### Excerpted data ###

(* Let $k\ge 2$, $X_1,\dots,X_k\in\mathcal{M}_d$ and $S\subseteq\{1,\dots,k\}$. For $i\in\{1,\dots,k\}$ put $X_i'=X_i^T$ if $i\in S$ and $X_i'=X_i$ if $i\notin S$, and put $Y_i=X_i$ if $i\in S$ and $Y_i=X_i^T$ if $i\notin S$. Then $$\operatorname{tr}_{\{1,\dots,k\}\setminus\{k\}}\big[(k\,k\!-\!1\cdots1)^{T_S}(X_1\otimes\cdots\otimes X_k)\big]=\begin{cases}X_1'X_2'\cdots X_{k-1}'X_k & k\notin S,\\ Y_{k-1}Y_{k-2}\cdots Y_1X_k & k\in S.\end{cases}$$
   Context: $\mathcal{M}_d$ denotes complex $d\times d$ matrices. A permutation $\sigma\in S_k$ acts on $(\mathbb{C}^d)^{\otimes k}$ by $\sigma|v_1\rangle\otimes\cdots\otimes|v_k\rangle=|v_{\sigma^{-1}(1)}\rangle\otimes\cdots\otimes|v_{\sigma^{-1}(k)}\rangle$, extended linearly; $(k\,k\!-\!1\cdots1)$ is the cycle $k\to k-1\to\cdots\to1\to k$. $T_S$ is the partial transpose (with respect to a fixed orthonormal basis) on all tensor factors in $S$, and $X^T$ is the transpose in that basis. $\operatorname{tr}_{\{1,\dots,k\}\setminus\{k\}}$ is the partial trace over all tensor factors except the $k$-th. *)

theory Defs
  imports "Jordan_Normal_Form.Matrix"
begin

text \<open>Operators on the k-fold tensor power of C^d, with tensor factors numbered 1..k,
  are represented by their matrix entries with respect to the product basis.
  Basis vectors of the tensor power are indexed by multi-indices, i.e. extensional
  functions from {1..k} to {0..<d}.\<close>

type_synonym tensor_op = "(nat \<Rightarrow> nat) \<Rightarrow> (nat \<Rightarrow> nat) \<Rightarrow> complex"

definition multi_idx :: "nat \<Rightarrow> nat set \<Rightarrow> (nat \<Rightarrow> nat) set" where
  "multi_idx d I = PiE I (\<lambda>_. {..<d})"

definition tensor_mats :: "nat \<Rightarrow> (nat \<Rightarrow> complex mat) \<Rightarrow> tensor_op" where
  "tensor_mats k X i j = (\<Prod>a\<in>{1..k}. X a $$ (i a, j a))"

text \<open>Permutation operator: sigma maps the basis vector e_j to e_(j o inv sigma),
  i.e. slot a receives the vector from slot inv sigma a.\<close>
definition perm_op :: "nat \<Rightarrow> (nat \<Rightarrow> nat) \<Rightarrow> tensor_op" where
  "perm_op k sg i j = (if i = restrict (\<lambda>a. j (Hilbert_Choice.inv sg a)) {1..k} then 1 else 0)"

definition down_cycle :: "nat \<Rightarrow> nat \<Rightarrow> nat" where
  "down_cycle k a = (if a = 1 then k else if 2 \<le> a \<and> a \<le> k then a - 1 else a)"

definition op_mult :: "nat \<Rightarrow> nat \<Rightarrow> tensor_op \<Rightarrow> tensor_op \<Rightarrow> tensor_op" where
  "op_mult d k A B i j = (\<Sum>m\<in>multi_idx d {1..k}. A i m * B m j)"

definition partial_transpose :: "nat set \<Rightarrow> tensor_op \<Rightarrow> tensor_op" where
  "partial_transpose S A i j =
     A (\<lambda>a. if a \<in> S then j a else i a) (\<lambda>a. if a \<in> S then i a else j a)"

definition ptrace_keep_last :: "nat \<Rightarrow> nat \<Rightarrow> tensor_op \<Rightarrow> complex mat" where
  "ptrace_keep_last d k A = mat d d (\<lambda>(p, q).
     \<Sum>m\<in>multi_idx d ({1..k} - {k}). A (m(k := p)) (m(k := q)))"

end

theory Submission
  imports Defs
begin

(* The partial transpose exchanges the row and column index of every slot in S, so an entry of
   (k k-1 ... 1)^{T_S} (X_1 (x) ... (x) X_k), traced over the first k-1 slots, is a sum of products
   X_1'(r_1, c_1) ... X_{k-1}'(r_{k-1}, c_{k-1}) X_k(z, q) subject to c_a = r_{a+1}: the indices
   r_1, ..., r_{k-1} and the last column index form a walk, and summing over walks gives an entry
   of X_1' ... X_{k-1}'.  The cycle closes through slot k, which pins the walk to start at p and end
   at z if k is not in S, and to run from z to p if k is in S; in the latter case the product is
   read transposed, which gives Y_{k-1} ... Y_1. *)

definition up_cycle :: "nat \<Rightarrow> nat \<Rightarrow> nat" where
  "up_cycle k a = (if a = k then 1 else if 1 \<le> a \<and> a < k then Suc a else a)"

lemma inv_down_cycle:
  assumes "1 \<le> k"
  shows "Hilbert_Choice.inv (down_cycle k) = up_cycle k"
  by (rule inv_equality) (use assms in \<open>auto simp: down_cycle_def up_cycle_def\<close>)

lemma perm_op_eq_indicator:
  assumes "i \<in> extensional {1..k}"
  shows "perm_op k \<sigma> i j = (if \<forall>a\<in>{1..k}. i a = j (Hilbert_Choice.inv \<sigma> a) then 1 else 0)"
  using assms by (auto simp: perm_op_def fun_eq_iff extensional_def)

definition partial_transpose_perm_support ::
    "nat set \<Rightarrow> (nat \<Rightarrow> nat) \<Rightarrow> nat \<Rightarrow> (nat \<Rightarrow> nat) \<Rightarrow> (nat \<Rightarrow> nat) \<Rightarrow> bool" where
  "partial_transpose_perm_support S \<tau> k i j \<longleftrightarrow>
     (\<forall>a\<in>{1..k}. (if a \<in> S then j a else i a) = (if \<tau> a \<in> S then i (\<tau> a) else j (\<tau> a)))"

lemma partial_transpose_perm_op:
  assumes "S \<subseteq> {1..k}" "i \<in> extensional {1..k}"
  shows "partial_transpose S (perm_op k \<sigma>) i j
    = (if partial_transpose_perm_support S (Hilbert_Choice.inv \<sigma>) k i j then 1 else 0)"
proof -
  have "(\<lambda>a. if a \<in> S then j a else i a) \<in> extensional {1..k}"
    using assms by (auto simp: extensional_def)
  then show ?thesis
    unfolding partial_transpose_def partial_transpose_perm_support_def
    by (subst perm_op_eq_indicator) auto
qed

lemma index_ptrace_partial_transpose_perm:
  assumes "1 \<le> k" "S \<subseteq> {1..k}" "p < d" "q < d"
  shows "ptrace_keep_last d k
      (op_mult d k (partial_transpose S (perm_op k \<sigma>)) (tensor_mats k X)) $$ (p, q)
    = (\<Sum>(m, n) \<in> multi_idx d ({1..k} - {k}) \<times> multi_idx d {1..k}.
         if partial_transpose_perm_support S (Hilbert_Choice.inv \<sigma>) k (m(k := p)) n
         then \<Prod>a\<in>{1..k}. X a $$ (n a, (m(k := q)) a) else 0)"
    (is "?lhs = _")
proof -
  have ext: "m(k := p) \<in> extensional {1..k}" if "m \<in> multi_idx d ({1..k} - {k})" for m
    using that assms(1) by (auto simp: multi_idx_def PiE_def extensional_def)
  have "?lhs = (\<Sum>m\<in>multi_idx d ({1..k} - {k}). \<Sum>n\<in>multi_idx d {1..k}.
      partial_transpose S (perm_op k \<sigma>) (m(k := p)) n * (\<Prod>a\<in>{1..k}. X a $$ (n a, (m(k := q)) a)))"
    using assms(3,4) by (simp add: ptrace_keep_last_def op_mult_def tensor_mats_def)
  also have "\<dots> = (\<Sum>(m, n) \<in> multi_idx d ({1..k} - {k}) \<times> multi_idx d {1..k}.
         if partial_transpose_perm_support S (Hilbert_Choice.inv \<sigma>) k (m(k := p)) n
         then \<Prod>a\<in>{1..k}. X a $$ (n a, (m(k := q)) a) else 0)"
    unfolding sum.cartesian_product[symmetric]
    by (intro sum.cong refl) (simp add: partial_transpose_perm_op[OF assms(2) ext])
  finally show ?thesis .
qed

lemma foldr_mult_carrier_mat:
  fixes B :: "'b \<Rightarrow> 'a :: semiring_1 mat"
  assumes "\<forall>a\<in>set xs. B a \<in> carrier_mat d d" "C \<in> carrier_mat d d"
  shows "foldr (\<lambda>a acc. B a * acc) xs C \<in> carrier_mat d d"
  using assms by (induction xs) auto

lemma foldr_mult_mat:
  fixes B :: "'b \<Rightarrow> 'a :: semiring_1 mat"
  assumes "\<forall>a\<in>set xs. B a \<in> carrier_mat d d" "C \<in> carrier_mat d d"
  shows "foldr (\<lambda>a acc. B a * acc) xs C = foldr (\<lambda>a acc. B a * acc) xs (1\<^sub>m d) * C"
  using assms(1)
proof (induction xs)
  case (Cons a xs)
  then have "B a \<in> carrier_mat d d" "foldr (\<lambda>a acc. B a * acc) xs (1\<^sub>m d) \<in> carrier_mat d d"
    by (auto intro: foldr_mult_carrier_mat)
  with Cons assms(2) show ?case by (simp add: assoc_mult_mat[of _ d d _ d _ d])
qed (use assms(2) in \<open>simp add: left_mult_one_mat\<close>)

###

# Exercise aim
Using the data above, print exactly the lines from the line that contains "gives an entry" through the line that contains "at z if k is", with both included.

# Written reply
   r_1, ..., r_{k-1} and the last column index form a walk, and summing over walks gives an entry
   of X_1' ... X_{k-1}'.  The cycle closes through slot k, which pins the walk to start at p and end
   at z if k is not in S, and to run from z to p if k is in S; in the latter case the product is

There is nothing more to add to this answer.